Alfred Billings Street (December 18, 1811–June 2, 1881) was an American writer and poet. His parents were Randal S. Street and Corneila Billings.

==Biography==
Street was born in Poughkeepsie, New York. His family moved to Monticello in Sullivan County when he was young, and he was educated at the Duchess County Academy inSullivan County, New York before moving in 1825. He later studied law with his father, Randall Sandal Street, and practiced in Monticello.

As a teenager, he published poems, A Day in March and A Winter Scene in the Evening Post.

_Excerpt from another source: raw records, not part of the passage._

lemma ode_solution_unique:
  assumes "ode_solution (F k) x0 x" "ode_solution (F k) x0 y" and "k > 0" and "0 \<le> t"
  shows "y t = x t"
  using gradient_along_solution[OF assms(1) \<open>k > 0\<close> \<open>0 \<le> t\<close>]
    gradient_along_solution[OF assms(2) \<open>k > 0\<close> \<open>0 \<le> t\<close>] inj_g
  by (metis injD)

definition settling_time :: "real \<Rightarrow> 'a \<Rightarrow> real" where
  "settling_time k x0 = potential (g x0) / (\<alpha> * k)"

lemma settling_time_bounds:
  assumes "k > 0"
  shows "0 \<le> settling_time k x0" "settling_time k x0 < pi / (2 * \<alpha> * k)"
proof -
  have "0 \<le> potential (g x0)" "potential (g x0) < pi / 2"
    using potential_nonneg arctan_bounded by (auto simp: potential_def)
  then have "potential (g x0) / (\<alpha> * k) < (pi / 2) / (\<alpha> * k)"
    using assms alpha_pos by (intro divide_strict_right_mono) auto
  then show "settling_time k x0 < pi / (2 * \<alpha> * k)" by (simp add: settling_time_def)
  show "0 \<le> settling_time k x0"
    using potential_nonneg assms alpha_pos by (simp add: settling_time_def)
qed

lemma solution_settles:
  assumes sol: "ode_solution (F k) x0 y" and "k > 0" and "settling_time k x0 \<le> t"
  shows "y t = xs"
proof -
  have "0 \<le> t" using settling_time_bounds(1)[OF \<open>k > 0\<close>, of x0] assms(3) by linarith
  moreover have "potential (g x0) \<le> \<alpha> * k * t"
    using assms(3) \<open>k > 0\<close> alpha_pos by (simp add: settling_time_def pos_divide_le_eq mult.commute)
  ultimately have "potential (g (y t)) = 0"
    using potential_along_solution[OF sol \<open>k > 0\<close>] by simp
  then show ?thesis using potential_pos_iff g_eq_0_iff potential_nonneg by (metis less_le)
qed

lemma norm_gradient_along_solution_le:
  assumes sol: "ode_solution (F k) x0 y" and "k > 0" and "0 \<le> t"
  shows "norm (g (y t)) \<le> norm (g x0)"
  using potential_along_solution[OF assms] potential_nonneg potential_le_iff
    alpha_pos assms by (smt (verit) mult_nonneg_nonneg)

abbreviation ginv :: "'a \<Rightarrow> 'a" where
  "ginv \<equiv> inv_into UNIV g"

lemma g_ginv [simp]: "g (ginv z) = z"
  using surj_g by (simp add: surj_f_inv_f)

lemma ginv_g [simp]: "ginv (g x) = x"
  using inj_g by (simp add: inv_f_f)

lemma ginv_has_derivative: "(ginv has_derivative Hinv (ginv z)) (at z)"
  using has_derivative_inverse_strong[of UNIV "ginv z" g ginv "blinfun_apply (H (ginv z))"
      "Hinv (ginv z)"]
  by (auto simp: continuous_on_g hess fun_eq_iff)
(* Let $\mathbf{\Sigma}$ be a cluster pattern of rank $n$ with free coefficients at $t_0\in\mathbb{T}_n$, and let $\mathbf{\Sigma}'$ be a cluster pattern of rank $n$ with coefficients in any semifield $\mathbb{P}$ having the same $B$-pattern as $\mathbf{\Sigma}$. Then for any $t,t'\in\mathbb{T}_n$ and any permutation $\sigma\in S_n$: if $\Sigma_t=\sigma\Sigma_{t'}$, then $\Sigma'_t=\sigma\Sigma'_{t'}$.
   Context: A semifield is a multiplicative abelian group $\mathbb{P}$ with a commutative, associative addition $\oplus$ satisfying $(a\oplus b)c=ac\oplus bc$; $\mathbb{Q}\mathbb{P}$ is the fraction field of the group ring $\mathbb{Z}\mathbb{P}$. The universal semifield $\mathbb{Q}_{\mathrm{sf}}(\mathbf{y})$ ($\mathbf{y}=(y_1,\dots,y_n)$ formal variables) consists of rational functions in $\mathbf{y}$ expressible as ratios of nonzero polynomials with nonnegative integer coefficients. A seed with coefficients in $\mathbb{P}$ is $(\mathbf{x},\mathbf{y},B)$ with $\mathbf{x}$ a generating transcendence basis of an ambient field $\mathcal{F}\cong\mathbb{Q}\mathbb{P}(u_1,\dots,u_n)$ over $\mathbb{Q}\mathbb{P}$, $\mathbf{y}\in\mathbb{P}^n$, $B$ an $n\times n$ skew-symmetrizable integer matrix. With $[a]_+=\max(a,0)$ and $\hat y_i=y_i\prod_jx_j^{b_{ji}}$, the mutation $\mu_k$ is: $x'_k=x_k^{-1}\big(\prod_{j}x_j^{[-b_{jk}]_+}\big)\frac{1+\hat y_k}{1\oplus y_k}$, $x'_i=x_i$ ($i\ne k$); $y'_k=y_k^{-1}$, $y'_i=y_iy_k^{[b_{ki}]_+}(1\oplus y_k)^{-b_{ki}}$ ($i\neq k$); $b'_{ij}=-b_{ij}$ if $i=k$ or $j=k$, and $b'_{ij}=b_{ij}+b_{ik}[b_{kj}]_++[-b_{ik}]_+b_{kj}$ otherwise. $\mathbb{T}_n$ is the $n$-regular tree with edges labeled $1,\dots,n$, distinct at each vertex. A cluster pattern is $\{\Sigma_t=(\mathbf{x}_t,\mathbf{y}_t,B_t)\}_{t\in\mathbb{T}_n}$ with $\Sigma_{t'}=\mu_k(\Sigma_t)$ whenever $t,t'$ are joined by an edge labeled $k$; its $B$-pattern is $\{B_t\}$. It has free coefficients at $t_0$ if its coefficient semifield is $\mathbb{Q}_{\mathrm{sf}}(\mathbf{y})$ and $\mathbf{y}_{t_0}=\mathbf{y}$. For $\sigma\in S_n$, $\sigma(\mathbf{x},\mathbf{y},B)=(\mathbf{x}',\mathbf{y}',B')$ with $x'_i=x_{\sigma^{-1}(i)}$, $y'_i=y_{\sigma^{-1}(i)}$, $b'_{ij}=b_{\sigma^{-1}(i)\sigma^{-1}(j)}$. *)

theory Defs
  imports Complex_Main "HOL-Combinatorics.Permutations"
begin

record 'a semifield =
  sf_carrier :: "'a set"
  sf_mult :: "'a \<Rightarrow> 'a \<Rightarrow> 'a"
  sf_one :: 'a
  sf_inv :: "'a \<Rightarrow> 'a"
  sf_add :: "'a \<Rightarrow> 'a \<Rightarrow> 'a"

definition is_semifield :: "('a, 'b) semifield_scheme \<Rightarrow> bool" where
  "is_semifield P \<longleftrightarrow>
     sf_one P \<in> sf_carrier P \<and>
     (\<forall>a\<in>sf_carrier P. \<forall>b\<in>sf_carrier P.
        sf_mult P a b \<in> sf_carrier P \<and> sf_add P a b \<in> sf_carrier P) \<and>
     (\<forall>a\<in>sf_carrier P. sf_inv P a \<in> sf_carrier P) \<and>
     (\<forall>a\<in>sf_carrier P. \<forall>b\<in>sf_carrier P. \<forall>c\<in>sf_carrier P.
        sf_mult P (sf_mult P a b) c = sf_mult P a (sf_mult P b c) \<and>
        sf_add P (sf_add P a b) c = sf_add P a (sf_add P b c) \<and>
        sf_mult P (sf_add P a b) c = sf_add P (sf_mult P a c) (sf_mult P b c)) \<and>
     (\<forall>a\<in>sf_carrier P. \<forall>b\<in>sf_carrier P.
        sf_mult P a b = sf_mult P b a \<and> sf_add P a b = sf_add P b a) \<and>
     (\<forall>a\<in>sf_carrier P. sf_mult P (sf_one P) a = a \<and> sf_mult P (sf_inv P a) a = sf_one P)"

fun sf_npow :: "('a, 'b) semifield_scheme \<Rightarrow> 'a \<Rightarrow> nat \<Rightarrow> 'a" where
  "sf_npow P a 0 = sf_one P"
| "sf_npow P a (Suc m) = sf_mult P a (sf_npow P a m)"

definition sf_ipow :: "('a, 'b) semifield_scheme \<Rightarrow> 'a \<Rightarrow> int \<Rightarrow> 'a" where
  "sf_ipow P a k = (if 0 \<le> k then sf_npow P a (nat k) else sf_inv P (sf_npow P a (nat (- k))))"

definition pos :: "int \<Rightarrow> int" where
  "pos a = max a 0"

definition monomials :: "nat \<Rightarrow> (nat \<Rightarrow> nat) set" where
  "monomials n = {m. \<forall>i\<ge>n. m i = 0}"

definition fin_poly :: "nat \<Rightarrow> ((nat \<Rightarrow> nat) \<Rightarrow> 'a::zero) \<Rightarrow> bool" where
  "fin_poly n c \<longleftrightarrow> finite {m. c m \<noteq> 0} \<and> {m. c m \<noteq> 0} \<subseteq> monomials n"

definition poly_eval :: "nat \<Rightarrow> ((nat \<Rightarrow> nat) \<Rightarrow> 'f::comm_ring_1) \<Rightarrow> (nat \<Rightarrow> 'f) \<Rightarrow> 'f" where
  "poly_eval n c x = (\<Sum>m\<in>{m. c m \<noteq> 0}. c m * (\<Prod>i<n. x i ^ m i))"

text \<open>Image of the group ring ZP in a field F under the extension of a map iota : P -> F.\<close>
definition group_ring_image :: "'p set \<Rightarrow> ('p \<Rightarrow> 'f::field) \<Rightarrow> 'f set" where
  "group_ring_image C \<iota> =
     {\<Sum>s\<in>S. of_int (c s) * \<iota> s | S c. finite S \<and> S \<subseteq> C}"

text \<open>Image of QP = Frac(ZP).\<close>
definition frac_group_ring :: "'p set \<Rightarrow> ('p \<Rightarrow> 'f::field) \<Rightarrow> 'f set" where
  "frac_group_ring C \<iota> =
     {a / b | a b. a \<in> group_ring_image C \<iota> \<and> b \<in> group_ring_image C \<iota> \<and> b \<noteq> 0}"

text \<open>iota is a multiplicative homomorphism whose Z-linear extension ZP -> F is injective,
  i.e. it realises QP as a subfield of the ambient field F.\<close>
definition coeff_embedding :: "('p, 'b) semifield_scheme \<Rightarrow> ('p \<Rightarrow> 'f::field) \<Rightarrow> bool" where
  "coeff_embedding P \<iota> \<longleftrightarrow>
     (\<forall>a\<in>sf_carrier P. \<forall>b\<in>sf_carrier P. \<iota> (sf_mult P a b) = \<iota> a * \<iota> b) \<and>
     \<iota> (sf_one P) = 1 \<and>
     (\<forall>S c. finite S \<longrightarrow> S \<subseteq> sf_carrier P \<longrightarrow>
        (\<Sum>s\<in>S. of_int (c s) * \<iota> s) = (0::'f) \<longrightarrow> (\<forall>s\<in>S. c s = (0::int)))"

text \<open>x_0..x_{n-1} is a generating transcendence basis of the field F (= UNIV) over the subfield K.\<close>
definition gen_trans_basis :: "nat \<Rightarrow> 'f set \<Rightarrow> (nat \<Rightarrow> 'f::field) \<Rightarrow> bool" where
  "gen_trans_basis n K x \<longleftrightarrow>
     (\<forall>c. fin_poly n c \<longrightarrow> (\<forall>m. c m \<in> K) \<longrightarrow> poly_eval n c x = 0 \<longrightarrow> (\<forall>m. c m = 0)) \<and>
     (\<forall>z. \<exists>p q. fin_poly n p \<and> fin_poly n q \<and> (\<forall>m. p m \<in> K \<and> q m \<in> K) \<and>
          poly_eval n q x \<noteq> 0 \<and> z = poly_eval n p x / poly_eval n q x)"

definition skew_symmetrizable :: "nat \<Rightarrow> (nat \<Rightarrow> nat \<Rightarrow> int) \<Rightarrow> bool" where
  "skew_symmetrizable n B \<longleftrightarrow>
     (\<exists>d::nat \<Rightarrow> int. (\<forall>i<n. d i > 0) \<and> (\<forall>i<n. \<forall>j<n. d i * B i j = - (d j * B j i)))"
lemma perfect_matching_Un:
  assumes M: "M \<in> perfect_matchings n" and "n \<le> m" and "S \<subseteq> ladder_E m"
    and S: "\<And>b i. (\<exists>s\<in>S. (b, i) \<in> s) \<longleftrightarrow> n < i \<and> i \<le> m"
    and disjoint: "\<And>s s' b i. s \<in> S \<Longrightarrow> s' \<in> S \<Longrightarrow> (b, i) \<in> s \<Longrightarrow> (b, i) \<in> s'
      \<Longrightarrow> s = s'"
  shows "M \<union> S \<in> perfect_matchings m"
proof (rule perfect_matchingsI)
  show "M \<union> S \<subseteq> ladder_E m"
    using perfect_matchingsD(1)[OF M] ladder_E_mono \<open>n \<le> m\<close> \<open>S \<subseteq> ladder_E m\<close> by blast
next
  fix b i assume "i \<le> m"
  show "\<exists>e\<in>M \<union> S. (b, i) \<in> e"
  proof (cases "i \<le> n")
    case True
    then show ?thesis
      using perfect_matchingsD(2)[OF M, of i b] by blast
  next
    case False
    then show ?thesis
      using S[of b i] \<open>i \<le> m\<close> by auto
  qed
next
  have low: "i \<le> n" if "e \<in> M" "(b, i) \<in> e" for e b i
    using that perfect_matchingsD(1)[OF M] ladder_edge_vertex_le by blast
  have high: "n < i" if "s \<in> S" "(b, i) \<in> s" for s b i
    using that S[of b i] by auto
  fix b i e e' assume e: "e \<in> M \<union> S" and e': "e' \<in> M \<union> S"
    and v: "(b, i) \<in> e" "(b, i) \<in> e'"
  show "e = e'"
  proof (cases "e \<in> M")
    case True
    then have "i \<le> n"
      using low v(1) by blast
    then have "e' \<in> M"
      using e' high[of e' b i] v(2) by auto
    with True v \<open>i \<le> n\<close> \<open>n \<le> m\<close> show ?thesis
      using perfect_matchingsD(3)[OF M, of i e e' b] by simp
  next
    case False
    then have "e \<in> S"
      using e by blast
    then have "e' \<in> S"
      using e' low[of e' b i] high[of e b i] v by auto
    with \<open>e \<in> S\<close> v show ?thesis
      using disjoint[of e e' b i] by blast
  qed
qed

lemma rung_0_perfect_matching: "{rung 0} \<in> perfect_matchings 0"
  by (rule perfect_matchingsI) (simp_all add: ladder_E_eq)

lemma perfect_matchings_0: "perfect_matchings 0 = {{rung 0}}"
proof (intro equalityI subsetI)
  fix M assume M: "M \<in> perfect_matchings 0"
  then have "M \<subseteq> {rung 0}"
    using perfect_matchingsD(1)[OF M] by (simp add: ladder_E_eq)
  moreover have "M \<noteq> {}"
    using perfect_matchingsD(2)[OF M, of 0 True] by auto
  ultimately show "M \<in> {{rung 0}}"
    by auto
qed (simp add: rung_0_perfect_matching)

lemma north_south_edge_if_rung_notin:
  assumes M: "M \<in> perfect_matchings (Suc n)" and "rung (Suc n) \<notin> M"
  shows "north_edge (Suc n) \<in> M" and "south_edge (Suc n) \<in> M"
proof -
  have last: "e = rung (Suc n) \<or> e = north_edge (Suc n) \<or> e = south_edge (Suc n)"
    if "e \<in> M" "(b, Suc n) \<in> e" for e b
  proof -
    have "e \<in> ladder_E (Suc n)"
      using that(1) perfect_matchingsD(1)[OF M] by blast
    with that(2) show ?thesis
      unfolding ladder_E_eq by auto
  qed
  obtain e where "e \<in> M" "(True, Suc n) \<in> e"
    using perfect_matchingsD(2)[OF M, of "Suc n" True] by blast
  with last[of e True] \<open>rung (Suc n) \<notin> M\<close> show "north_edge (Suc n) \<in> M"
    by auto
  obtain e' where "e' \<in> M" "(False, Suc n) \<in> e'"
    using perfect_matchingsD(2)[OF M, of "Suc n" False] by blast
  with last[of e' False] \<open>rung (Suc n) \<notin> M\<close> show "south_edge (Suc n) \<in> M"
    by auto
qed

lemma perfect_matchings_1: "perfect_matchings 1 = {{rung 0, rung 1}, {north_edge 1, south_edge 1}}"
proof (intro equalityI subsetI)
  fix M assume M: "M \<in> perfect_matchings 1"
  show "M \<in> {{rung 0, rung 1}, {north_edge 1, south_edge 1}}"
  proof (cases "rung 1 \<in> M")
    case True
    have "M - {rung 1} \<in> perfect_matchings 0"
      using True by (intro perfect_matching_Diff[OF M]) auto
    then show ?thesis
      using True by (auto simp: perfect_matchings_0)
  next
    case False
    then have ns: "north_edge 1 \<in> M" "south_edge 1 \<in> M"
      using north_south_edge_if_rung_notin[of M 0] M by simp_all
    have "e \<in> {north_edge 1, south_edge 1}" if "e \<in> M" for e
    proof -
      obtain b i where "(b, i) \<in> e"
        using \<open>e \<in> M\<close> perfect_matchingsD(1)[OF M] ladder_edge_nonempty by blast
      moreover from this have "i \<le> 1"
        using \<open>e \<in> M\<close> perfect_matchingsD(1)[OF M] ladder_edge_vertex_le by blast
      ultimately show ?thesis
        using perfect_matchingsD(3)[OF M _ \<open>e \<in> M\<close>] ns by (cases b) fastforce+
    qed
    then show ?thesis
      using ns by blast
  qed
next
  fix M assume "M \<in> {{rung 0, rung 1}, {north_edge 1, south_edge 1}}"
  moreover have "{rung 0} \<union> {rung 1} \<in> perfect_matchings 1"
    by (rule perfect_matching_Un) (auto simp: perfect_matchings_0 ladder_E_eq)
  moreover have "{north_edge 1, south_edge 1} \<in> perfect_matchings 1"
  proof (rule perfect_matchingsI)
    fix b and i :: nat assume "i \<le> 1"
    then show "\<exists>e\<in>{north_edge 1, south_edge 1}. (b, i) \<in> e"
      by (cases b) auto
  qed (auto simp: ladder_E_eq)
  ultimately show "M \<in> perfect_matchings 1"
    by (auto simp: insert_commute)
qed

lemma perfect_matchings_Suc_Suc:
  "perfect_matchings (Suc (Suc n)) =
     insert (rung (Suc (Suc n))) ` perfect_matchings (Suc n)
     \<union> (\<lambda>M. M \<union> {north_edge (Suc (Suc n)), south_edge (Suc (Suc n))}) ` perfect_matchings n"
  (is "_ = ?R ` _ \<union> ?NS ` _")
proof (intro equalityI subsetI)
  fix M assume M: "M \<in> perfect_matchings (Suc (Suc n))"
  show "M \<in> ?R ` perfect_matchings (Suc n) \<union> ?NS ` perfect_matchings n"
  proof (cases "rung (Suc (Suc n)) \<in> M")
    case True
    then have "M - {rung (Suc (Suc n))} \<in> perfect_matchings (Suc n)"
      by (intro perfect_matching_Diff[OF M]) auto
    moreover have "M = ?R (M - {rung (Suc (Suc n))})"
      using True by blast
    ultimately show ?thesis
      by blast
  next
    case False
    then have ns: "north_edge (Suc (Suc n)) \<in> M" "south_edge (Suc (Suc n)) \<in> M"
      using north_south_edge_if_rung_notin[OF M] by simp_all
    then have "M - {north_edge (Suc (Suc n)), south_edge (Suc (Suc n))} \<in> perfect_matchings n"
      by (intro perfect_matching_Diff[OF M]) (auto simp: vertices_north_south_edge)
    moreover have "M = ?NS (M - {north_edge (Suc (Suc n)), south_edge (Suc (Suc n))})"
      using ns by blast
    ultimately show ?thesis
      by blast
  qed
next
  fix M assume "M \<in> ?R ` perfect_matchings (Suc n) \<union> ?NS ` perfect_matchings n"
  then show "M \<in> perfect_matchings (Suc (Suc n))"
  proof
    assume "M \<in> ?R ` perfect_matchings (Suc n)"
    then obtain M' where M': "M' \<in> perfect_matchings (Suc n)" and "M = M' \<union> {rung (Suc (Suc n))}"
      by blast
    moreover have "M' \<union> {rung (Suc (Suc n))} \<in> perfect_matchings (Suc (Suc n))"
      by (rule perfect_matching_Un[OF M']) (auto simp: ladder_E_eq)
    ultimately show ?thesis
      by simp
  next
    assume "M \<in> ?NS ` perfect_matchings n"
    then obtain M' where M': "M' \<in> perfect_matchings n" and "M = ?NS M'"
      by blast
    moreover have "?NS M' \<in> perfect_matchings (Suc (Suc n))"
      by (rule perfect_matching_Un[OF M']) (auto simp: ladder_E_eq vertices_north_south_edge)
    ultimately show ?thesis
      by simp
  qed
qed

In 1839 he moved to Albany and settled a small law office. Two years later he married Elizabeth Weed Street, and from 1843 to 1844 he edited the Northern Light. In 1848, he was appointed New York State Librarian, a position he held until his death.

He was a correspondent of Horace Greeley.

His poems deal with the sights and sounds of the woodland and the life of the more primitive days of the settlement of America.

In 1842, Edgar Allan Poe wrote about Billings, "Mr. Street has a fine taste, and a keen sense of the beautiful. He writes carefully, elaborately, [a]nd correctly."

==List of works==
Among his books of verse are:
- The Burning of Schenectady, and Other Poems (1842)
- Drawings and Tintings (1844)
- Fugitive Poems (1846)
- Frontenac: or The Atotarho of the Iroquois (1849)

His chief prose works are:
- Woods and Waters, or the Saranacs and the Racket (1860)
- The Indian Pass (1869)
- Lake and Mountain; or, Autumn in the Adirondacks (1870)
- Eagle Pine; or, Sketches of a New York Frontier Village (1871)

He also wrote A Digest of Taxation in the United States (1863).